SNP markers retrieval for a non-model species: a practical approach
1 Wageningen University and Research Centre, Plant Breeding, P.O. Box 16, 6700 AJ Wageningen, The Netherlands
2 Wageningen University and Research Centre, Bioscience, P.O. Box 16, 6700 AJ Wageningen, The Netherlands
3 Netherlands Institute of Ecology (NIOO-KNAW), Department of Terrestrial Ecology, P.O. Box 50, 6700 AB Wageningen, The Netherlands
BMC Research Notes 2012, 5:79 doi:10.1186/1756-0500-5-79Published: 29 January 2012
SNP (Single Nucleotide Polymorphism) markers are rapidly becoming the markers of choice for applications in breeding because of next generation sequencing technology developments. For SNP development by NGS technologies, correct assembly of the huge amounts of sequence data generated is essential. Little is known about assembler's performance, especially when dealing with highly heterogeneous species that show a high genome complexity and what the possible consequences are of differences in assemblies on SNP retrieval. This study tested two assemblers (CAP3 and CLC) on 454 data from four lily genotypes and compared results with respect to SNP retrieval.

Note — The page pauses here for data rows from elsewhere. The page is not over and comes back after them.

lemma form11_coeff11:
  assumes "f \<in> V 3 1 1"
  shows "form11 (coeff11 f) = f"
proof -
  have "S \<in> (\<lambda>(a, b). {a, 3 + b}) ` ({..<3} \<times> {..<3})" if "f S \<noteq> 0" for S
  proof -
    obtain L H where S: "S = L \<union> H" "L \<subseteq> {0,1,2}" "H \<subseteq> {3,4,5}" "card L = 1" "card H = 1"
      using assms \<open>f S \<noteq> 0\<close> by (rule V3_support)
    then obtain a b where "L = {a}" "a \<in> {0,1,2}" "H = {b}" "b \<in> {3,4,5}"
      by (auto simp: card_1_singleton_iff)
    then show ?thesis
      unfolding S(1) by (intro image_eqI[of _ _ "(a, b - 3)"]) auto
  qed
  then have "f = (\<lambda>S. \<Sum>i\<in>{..<3} \<times> {..<3}.
      f ((\<lambda>(a, b). {a, 3 + b}) i) * basis_form ((\<lambda>(a, b). {a, 3 + b}) i) S)"
    by (rule form_eq_sum_basis_form[OF finite_cartesian_product[OF finite_lessThan finite_lessThan]
          inj_on_idx11])
  then show ?thesis
    unfolding form11_eq_sum_pairs coeff11_def by (simp add: split_beta)
qed

lemma wedge_form11: "wedge (form11 X) (form11 Y) = form22 (mixed_minor X Y)"
  unfolding form11_def form22_def
  by (simp only: wedge_linear, simp only: sum_lessThan_3 wedge_basis_11 less_3_numerals)
    (rule ext, simp add: mixed_minor_def lo3_def hi3_def field_simps)

lemma det2_form11: "det2 (\<lambda>i j. form11 (H i j)) = form22 (det_block H)"
  unfolding det2_def wedge_form11 form22_def det_block_def
  by (rule ext) (simp add: sum_subtractf[symmetric] algebra_simps diff_divide_distrib)

lemma wedge_comb3_10_01:
  "wedge (comb3 (\<lambda>p. {p}) x) (comb3 (\<lambda>q. {3+q}) y) = form11 (\<lambda>p q. - 2 * \<i> * x p * y q)"
  unfolding comb3_def form11_def
  by (simp only: wedge_linear, simp only: sum_lessThan_3 wedge_basis_10_01 less_3_numerals)
    (rule ext, simp add: field_simps)

lemma wedge_comb3_10_22:
  "wedge (comb3 (\<lambda>p. {p}) c) (form22 K) = comb3 idx32 (\<lambda>k. \<Sum>j<3. ((-1)^j * K j k / 4) * c j)"
  unfolding comb3_def form22_def
  by (simp only: wedge_linear, simp only: sum_lessThan_3 wedge_basis_10_22 less_3_numerals)
    (rule ext, simp add: field_simps)

lemma wedge_comb3_01_22:
  "wedge (comb3 (\<lambda>q. {3+q}) c) (form22 K) = comb3 idx23 (\<lambda>j. \<Sum>k<3. ((-1)^k * K j k / 4) * c k)"
  unfolding comb3_def form22_def
  by (simp only: wedge_linear, simp only: sum_lessThan_3 wedge_basis_01_22 less_3_numerals)
    (rule ext, simp add: field_simps)

section \<open>Lefschetz forms of bidegree (2,2)\<close>

lemma bij_betw_comb3:
  assumes T: "inj_on T {..<3}" and T': "inj_on T' {..<3}"
    and f: "\<And>c. f (comb3 T c) = comb3 T' (\<lambda>m. \<Sum>j<3. N m j * c j)"
    and nondeg: "\<And>c. \<forall>m<3. (\<Sum>j<3. N m j * c j) = 0 \<Longrightarrow> \<forall>j<3. c j = 0"
  shows "bij_betw f (range (comb3 T)) (range (comb3 T'))"
proof (rule bij_betw_imageI)
  show "inj_on f (range (comb3 T))"
  proof (rule inj_onI, clarsimp)
    fix c d assume "f (comb3 T c) = f (comb3 T d)"
    then have "\<forall>m<3. (\<Sum>j<3. N m j * c j) = (\<Sum>j<3. N m j * d j)"
      unfolding f comb3_eq_iff[OF T'] .
    then have "\<forall>m<3. (\<Sum>j<3. N m j * (c j - d j)) = 0"
      by (simp add: right_diff_distrib sum_subtractf)
    then have "\<forall>j<3. c j = d j" using nondeg[of "\<lambda>j. c j - d j"] by simp
    then show "comb3 T c = comb3 T d" unfolding comb3_eq_iff[OF T] .
  qed
  show "f ` range (comb3 T) = range (comb3 T')"
  proof
    show "f ` range (comb3 T) \<subseteq> range (comb3 T')" using f by auto
    show "range (comb3 T') \<subseteq> f ` range (comb3 T)"
    proof clarify
      fix b
      obtain c where "\<forall>m<3. (\<Sum>j<3. N m j * c j) = b m"
        using linear_system_solvable[OF nondeg] by blast
      then have "comb3 T' b = f (comb3 T c)" unfolding f comb3_eq_iff[OF T'] by simp
      then show "comb3 T' b \<in> f ` range (comb3 T)" by blast
    qed
  qed
qed

lemma Lefschetz_form22_10:
  assumes definite: "\<And>c. sesq K c c = 0 \<Longrightarrow> \<forall>j<3. c j = 0"
  shows "Lefschetz 3 2 1 0 (form22 K)"
proof -
  have nondeg: "\<forall>j<3. c j = 0" if "\<forall>m<3. (\<Sum>j<3. ((-1)^j * K j m / 4) * c j) = 0" for c
  proof -
    define c' where "c' j = (-1)^j * c j / 4" for j
    have "(\<Sum>j<3. c' j * K j m) = (\<Sum>j<3. ((-1)^j * K j m / 4) * c j)" for m
      unfolding c'_def by (simp add: mult_ac)
    then have "sesq K c' c' = 0" using that by (simp add: sesq_eq_sum_columns)
    then have "\<forall>j<3. c' j = 0" by (rule definite)
    then show ?thesis unfolding c'_def by simp
  qed
  have "bij_betw (\<lambda>\<alpha>. wedge \<alpha> (form22 K)) (range (comb3 (\<lambda>p. {p}))) (range (comb3 idx32))"
    by (rule bij_betw_comb3[OF _ inj_on_idx32 wedge_comb3_10_22 nondeg]) simp
  then show ?thesis
    unfolding Lefschetz_def V3_10_eq [symmetric] using form22_in_V V3_32_eq by simp
qed
lemma (in group) mult_inv_cancel_left [simp]:
  "g \<in> carrier G \<Longrightarrow> h \<in> carrier G \<Longrightarrow> g \<otimes> (inv g \<otimes> h) = h"
  by (simp add: m_assoc[symmetric])

lemma (in group) inv_mult_cancel_left [simp]:
  "g \<in> carrier G \<Longrightarrow> h \<in> carrier G \<Longrightarrow> inv g \<otimes> (g \<otimes> h) = h"
  by (simp add: m_assoc[symmetric])

lemma (in group) Gpq_rels_imp_amv_rels:
  assumes "Gpq_rels G p q a b"
  shows "amv_rels G a (pm G a b) (inv (a [^] (2::nat)) \<otimes> b \<otimes> inv a)"
proof -
  have a: "a \<in> carrier G" and b: "b \<in> carrier G"
    using assms by (auto simp: Gpq_rels_def)
  show ?thesis
    using assms a b
    by (simp add: amv_rels_def Gpq_rels_def pm_def int_pow_two int_pow_neg numeral_eq_Suc
        m_assoc inv_mult_group)
qed

lemma (in group) pow_p_minus_18q_eq:
  fixes p q :: int
  assumes a: "a \<in> carrier G" and b: "b \<in> carrier G" and k: "k \<in> carrier G"
    and m: "k [^] q = pm G a b" and l: "k [^] (-p) = pl G a b"
  shows "k [^] (p - 18 * q) = inv (a [^] (2::nat)) \<otimes> b \<otimes> inv a"
proof -
  define w where "w = a \<otimes> inv b \<otimes> a [^] (2::nat)"
  have w: "w \<in> carrier G" using a b by (simp add: w_def)
  have "k [^] (-p) = w \<otimes> k [^] (q * -18)"
    using l a by (simp add: pl_def m[symmetric] w_def int_pow_pow[OF k] int_pow_two numeral_eq_Suc)
  then have "w = k [^] (-p) \<otimes> inv (k [^] (q * -18))"
    using w k by (simp add: m_assoc)
  also have "\<dots> = k [^] (-p - q * -18)"
    by (rule int_pow_diff[OF k, symmetric])
  also have "\<dots> = k [^] (18 * q - p)"
    by (rule arg_cong[where f = "\<lambda>n. k [^] n"]) simp
  finally have "w = k [^] (18 * q - p)" .
  then have "inv w = k [^] (p - 18 * q)"
    using k by (simp add: int_pow_neg[symmetric])
  then show ?thesis
    using a b by (simp add: w_def inv_mult_group m_assoc)
qed

context ordered_right_action
begin

lemma amv_rels_not_raising_a:
  assumes rels: "amv_rels G a m v" and a: "a \<in> carrier G" and mv: "m \<in> stab x" "v \<in> stab x"
  shows "\<not> x \<prec> act x a"
proof
  assume "x \<prec> act x a"
  then have "a \<in> pos_cone x" using a by (simp add: pos_cone_def)
  then have "a [^] (2::nat) \<in> pos_cone x" "a [^] (3::nat) \<in> pos_cone x"
    by (simp_all add: pos_cone_nat_pow)
  moreover have "m \<in> nonneg_cone x" "v \<in> nonneg_cone x"
    using mv stab_subset_nonneg_cone by blast+
  ultimately have "foldr (\<otimes>) [a [^] (2::nat), v, a [^] (3::nat), v, a [^] (2::nat), m] \<one> \<in> pos_cone x"
    by (intro pos_cone_foldr) (auto simp: pos_cone_imp_nonneg_cone)
  with rels one_notin_pos_cone show False by (simp add: amv_rels_def)
qed

lemma amv_rels_a_in_stab:
  assumes "amv_rels G a m v" "a \<in> carrier G" "m \<in> stab x" "v \<in> stab x"
    and "x \<preceq> act x a \<or> act x a \<preceq> x"
  shows "a \<in> stab x"
proof -
  have "act x a = x"
  proof (rule ccontr)
    assume "act x a \<noteq> x"
    with assms(5) have "x \<prec> act x a \<or> act x a \<prec> x"
      by (auto simp: ord.strict_iff_order)
    then show False
      using amv_rels_not_raising_a[OF assms(1-4)]
        ordered_right_action.amv_rels_not_raising_a[OF dual assms(1-4)] by blast
  qed
  with assms(2) show ?thesis by (simp add: stabilizer_def)
qed
(* If $\eta$ is a probability measure, then $\int\varphi\,d\eta=\tau(\varphi)$ for each continuous function $\varphi:\mathbb{X}\to\mathbb{R}$.
   Context: $\mathbb{X}$ is a compact metric space. $(\xi_j)_{j\in\mathbb N}$ is a sequence of finitely additive outer probabilities on $\mathbb{X}$ (set functions on all subsets, values in $[0,1]$, finitely additive, $\xi_j(\mathbb{X})=1$). For $A\subset\mathbb{X}$, $\tau(A)=\limsup_{n\to\infty}\frac1n\sum_{j=0}^{n-1}\xi_j(A)$, and for a bounded measurable $\varphi$, $\tau(\varphi)=\limsup_{n\to\infty}\frac1n\sum_{j=0}^{n-1}\xi_j(\varphi)$ where $\xi_j(\varphi)=\int\varphi\,d\xi_j$. For $Y\subset\mathbb{X}$, $r>0$, $\nu_r(Y)=\inf\sum_{I\in\mathcal I}\tau(I)$ over countable covers $\mathcal I$ of $Y$ by open sets of diameter $\le r$; $\nu(Y)=\sup_{r>0}\nu_r(Y)$; $\eta$ is the restriction of $\nu$ to Borel sets. *)

theory Defs
  imports "HOL-Analysis.Analysis" "HOL-Probability.Probability"
begin

text \<open>The compact metric space X is modelled as a type 'a::metric_space with
  compact UNIV. A sequence of finitely additive outer probabilities on X:\<close>

definition fa_outer_prob_seq :: "(nat \<Rightarrow> 'a set \<Rightarrow> real) \<Rightarrow> bool" where
  "fa_outer_prob_seq \<xi> \<longleftrightarrow>
     (\<forall>j A. 0 \<le> \<xi> j A \<and> \<xi> j A \<le> 1) \<and>
     (\<forall>j A B. A \<inter> B = {} \<longrightarrow> \<xi> j (A \<union> B) = \<xi> j A + \<xi> j B) \<and>
     (\<forall>j. \<xi> j UNIV = 1)"

text \<open>Integral of a bounded function against a finitely additive probability
  (limit of sums over level-set partitions of mesh 1/(n+1)).\<close>

definition fa_integral :: "('a set \<Rightarrow> real) \<Rightarrow> ('a \<Rightarrow> real) \<Rightarrow> real" where
  "fa_integral \<mu> \<phi> = lim (\<lambda>n.
     \<Sum>k\<in>(\<lambda>x. \<lfloor>real (Suc n) * \<phi> x\<rfloor>) ` UNIV.
        of_int k / real (Suc n) * \<mu> {x. \<lfloor>real (Suc n) * \<phi> x\<rfloor> = k})"

text \<open>tau(A) = limsup (1/n) sum_{j<n} xi_j(A) (finite since values lie in [0,1]).\<close>

definition tau_set :: "(nat \<Rightarrow> 'a set \<Rightarrow> real) \<Rightarrow> 'a set \<Rightarrow> real" where
  "tau_set \<xi> A = real_of_ereal
     (limsup (\<lambda>n. ereal ((\<Sum>j<n. \<xi> j A) / real n)))"

definition tau_fun :: "(nat \<Rightarrow> 'a set \<Rightarrow> real) \<Rightarrow> ('a \<Rightarrow> real) \<Rightarrow> real" where
  "tau_fun \<xi> \<phi> = real_of_ereal
     (limsup (\<lambda>n. ereal ((\<Sum>j<n. fa_integral (\<xi> j) \<phi>) / real n)))"

text \<open>nu_r: infimum over countable open covers with diameters \<le> r
  (countable families represented as sequences, padded with empty sets).\<close>

definition nu_r :: "(nat \<Rightarrow> 'a::metric_space set \<Rightarrow> real) \<Rightarrow> real \<Rightarrow> 'a set \<Rightarrow> ennreal" where
  "nu_r \<xi> r Y = (INF I \<in> {I :: nat \<Rightarrow> 'a set.
        (\<forall>n. open (I n) \<and> diameter (I n) \<le> r) \<and> Y \<subseteq> (\<Union>n. I n)}.
        (\<Sum>n. ennreal (tau_set \<xi> (I n))))"

definition nu :: "(nat \<Rightarrow> 'a::metric_space set \<Rightarrow> real) \<Rightarrow> 'a set \<Rightarrow> ennreal" where
  "nu \<xi> Y = (SUP r \<in> {0<..}. nu_r \<xi> r Y)"

definition eta :: "(nat \<Rightarrow> 'a::metric_space set \<Rightarrow> real) \<Rightarrow> 'a measure" where
  "eta \<xi> = measure_of UNIV (sets borel) (nu \<xi>)"

definition eta_is_prob :: "(nat \<Rightarrow> 'a::metric_space set \<Rightarrow> real) \<Rightarrow> bool" where
  "eta_is_prob \<xi> \<longleftrightarrow> measure_space UNIV (sets borel) (nu \<xi>) \<and> nu \<xi> UNIV = 1"

end

theory Submission
  imports Defs
begin
(* Let $T\colon X\to X$ be a piecewise invertible map (with respect to a regular open partition $\mathcal U$) on a compact Hausdorff space $X$. Then the map $T'\colon X'\to X'$ is a local homeomorphism.
   Context: Let $X$ be compact Hausdorff. A set $U$ is regular open if $U=\mathrm{int}(\overline U)$. A regular open partition of $X$ is a finite family of nonempty, pairwise disjoint regular open sets whose closures cover $X$. For regular open partitions $\mathcal V,\mathcal W$, $\mathcal V\vee\mathcal W=\{V\cap W\ne\emptyset: V\in\mathcal V,W\in\mathcal W\}$; $\mathcal V\preceq\mathcal W$ means each element of $\mathcal W$ lies in a (necessarily unique) element of $\mathcal V$. A continuous $T\colon X\to X$ is piecewise invertible w.r.t. a regular open partition $\mathcal U=\{U_i\}_{i\in I}$, $C_i:=\overline{U_i}$, if each restriction $T_i\colon C_i\to T(C_i)$ is a homeomorphism and $T(U_i)=\mathrm{int}(T(C_i))$. For a regular open partition $\mathcal V=\{V_j\}$, put $\mathcal T_i=\{T(U_i\cap V_j):U_i\cap V_j\neq\emptyset\}\cup\{X\setminus T(C_i)\}$ (omitting empty sets), $T(\mathcal V)=\bigvee_i\mathcal T_i$, and $T^{-1}(\mathcal V)=\{T_i^{-1}(O): i\in I,\ O\in\mathcal V\vee T(\mathcal U),\ O\subseteq T(U_i)\}$; these are regular open partitions, and $T^\beta,T^{-\alpha}$ denote iterates of these operations. Set $\mathcal U_{m,n}=\bigvee_{0\le\alpha\le m,0\le\beta\le n}T^{-\alpha}(T^\beta(\mathcal U))$; for $(m',n')\ge(m,n)$ componentwise, $\mathcal U_{m,n}\preceq\mathcal U_{m',n'}$. Let $\bar X=\varprojlim\mathcal U_{m,n}$ (inverse limit of finite discrete sets), whose elements are families $\mathbf U=(U_{m,n})$, $U_{m,n}\in\mathcal U_{m,n}$, compatible under inclusion. Let $X'=\{(x,(U_{m,n}))\in X\times\bar X: x\in\overline{U_{m,n}}\ \forall m,n\}$ with the subspace topology, $\bar T\colon\bar X\to\bar X$, $\bar T((U_{m,n}))=(V_{m,n})$ where $V_{m,n}$ is the unique element of $\mathcal U_{m,n}$ containing $T(U_{m+1,n})$, and $T'(x,\mathbf U)=(Tx,\bar T\mathbf U)$. *)

theory Defs
  imports "HOL-Analysis.Analysis"
begin

text \<open>The compact Hausdorff space X is the universe of a type 'a of class t2_space,
  assumed compact in the theorem.\<close>

definition regular_open :: "'a::topological_space set \<Rightarrow> bool" where
  "regular_open U \<longleftrightarrow> U = interior (closure U)"

definition ro_partition :: "'a::topological_space set set \<Rightarrow> bool" where
  "ro_partition P \<longleftrightarrow> finite P \<and> (\<forall>V\<in>P. V \<noteq> {} \<and> regular_open V)
     \<and> pairwise disjnt P \<and> (\<Union>V\<in>P. closure V) = UNIV"

definition pjoin :: "'a set set \<Rightarrow> 'a set set \<Rightarrow> 'a set set" where
  "pjoin P Q = {V \<inter> W | V W. V \<in> P \<and> W \<in> Q \<and> V \<inter> W \<noteq> {}}"

text \<open>Join of a finite indexed family of partitions (iterated binary join);
  for the empty index set this is the trivial partition.\<close>
definition pJoin :: "'i set \<Rightarrow> ('i \<Rightarrow> 'a set set) \<Rightarrow> 'a set set" where
  "pJoin I P = {S. S \<noteq> {} \<and> (\<exists>f. (\<forall>i\<in>I. f i \<in> P i) \<and> S = (\<Inter>i\<in>I. f i))}"

definition prefines :: "'a set set \<Rightarrow> 'a set set \<Rightarrow> bool" where
  "prefines V W \<longleftrightarrow> (\<forall>B\<in>W. \<exists>A\<in>V. B \<subseteq> A)"

definition piecewise_invertible :: "('a::topological_space \<Rightarrow> 'a) \<Rightarrow> 'a set set \<Rightarrow> bool" where
  "piecewise_invertible T \<U> \<longleftrightarrow> ro_partition \<U> \<and> continuous_on UNIV T \<and>
     (\<forall>U\<in>\<U>. (\<exists>g. homeomorphism (closure U) (T ` closure U) T g)
             \<and> T ` U = interior (T ` closure U))"

definition Tfam :: "('a::topological_space \<Rightarrow> 'a) \<Rightarrow> 'a set \<Rightarrow> 'a set set \<Rightarrow> 'a set set" where
  "Tfam T U \<V> = ({T ` (U \<inter> V) | V. V \<in> \<V> \<and> U \<inter> V \<noteq> {}} \<union> {UNIV - T ` closure U}) - {{}}"

definition Tfwd :: "('a::topological_space \<Rightarrow> 'a) \<Rightarrow> 'a set set \<Rightarrow> 'a set set \<Rightarrow> 'a set set" where
  "Tfwd T \<U> \<V> = pJoin \<U> (\<lambda>U. Tfam T U \<V>)"

definition Tinv :: "('a::topological_space \<Rightarrow> 'a) \<Rightarrow> 'a set set \<Rightarrow> 'a set set \<Rightarrow> 'a set set" where
  "Tinv T \<U> \<V> = {{x \<in> closure U. T x \<in> Ob} | U Ob.
       U \<in> \<U> \<and> Ob \<in> pjoin \<V> (Tfwd T \<U> \<U>) \<and> Ob \<subseteq> T ` U}"

definition Umn :: "('a::topological_space \<Rightarrow> 'a) \<Rightarrow> 'a set set \<Rightarrow> nat \<Rightarrow> nat \<Rightarrow> 'a set set" where
  "Umn T \<U> m n = pJoin {(\<alpha>, \<beta>). \<alpha> \<le> m \<and> \<beta> \<le> n}
      (\<lambda>(\<alpha>, \<beta>). (Tinv T \<U> ^^ \<alpha>) ((Tfwd T \<U> ^^ \<beta>) \<U>))"

text \<open>The inverse limit \<bar>X, as a set of compatible families.\<close>
definition Xbar :: "('a::topological_space \<Rightarrow> 'a) \<Rightarrow> 'a set set \<Rightarrow> (nat \<times> nat \<Rightarrow> 'a set) set" where
  "Xbar T \<U> = {\<UU>. (\<forall>m n. \<UU> (m, n) \<in> Umn T \<U> m n) \<and>
      (\<forall>m n m' n'. m \<le> m' \<and> n \<le> n' \<longrightarrow> \<UU> (m', n') \<subseteq> \<UU> (m, n))}"

definition Xbar_top :: "('a::topological_space \<Rightarrow> 'a) \<Rightarrow> 'a set set \<Rightarrow> (nat \<times> nat \<Rightarrow> 'a set) topology" where
  "Xbar_top T \<U> = subtopology (product_topology (\<lambda>_. discrete_topology UNIV) UNIV) (Xbar T \<U>)"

CAP3 assembly resulted in higher numbers of contigs, lower numbers of reads per contig, and shorter average read lengths compared to CLC. Blast comparisons showed that CAP3 contigs were highly redundant. Contrastingly, CLC in rare cases combined paralogs in one contig. Redundant and chimeric contigs may lead to erroneous SNPs. Filtering for redundancy can be done by blasting selected SNP markers to the contigs and discarding all the SNP markers that show more than one blast hit. Results on chimeric contigs showed that only four out of 2,421 SNP markers were selected from chimeric contigs.
In practice, CLC performs better in assembling highly heterogeneous genome sequences compared to CAP3, and consequently SNP retrieval is more efficient. Additionally a simple flow scheme is suggested for SNP marker retrieval that can be valid for all non-model species.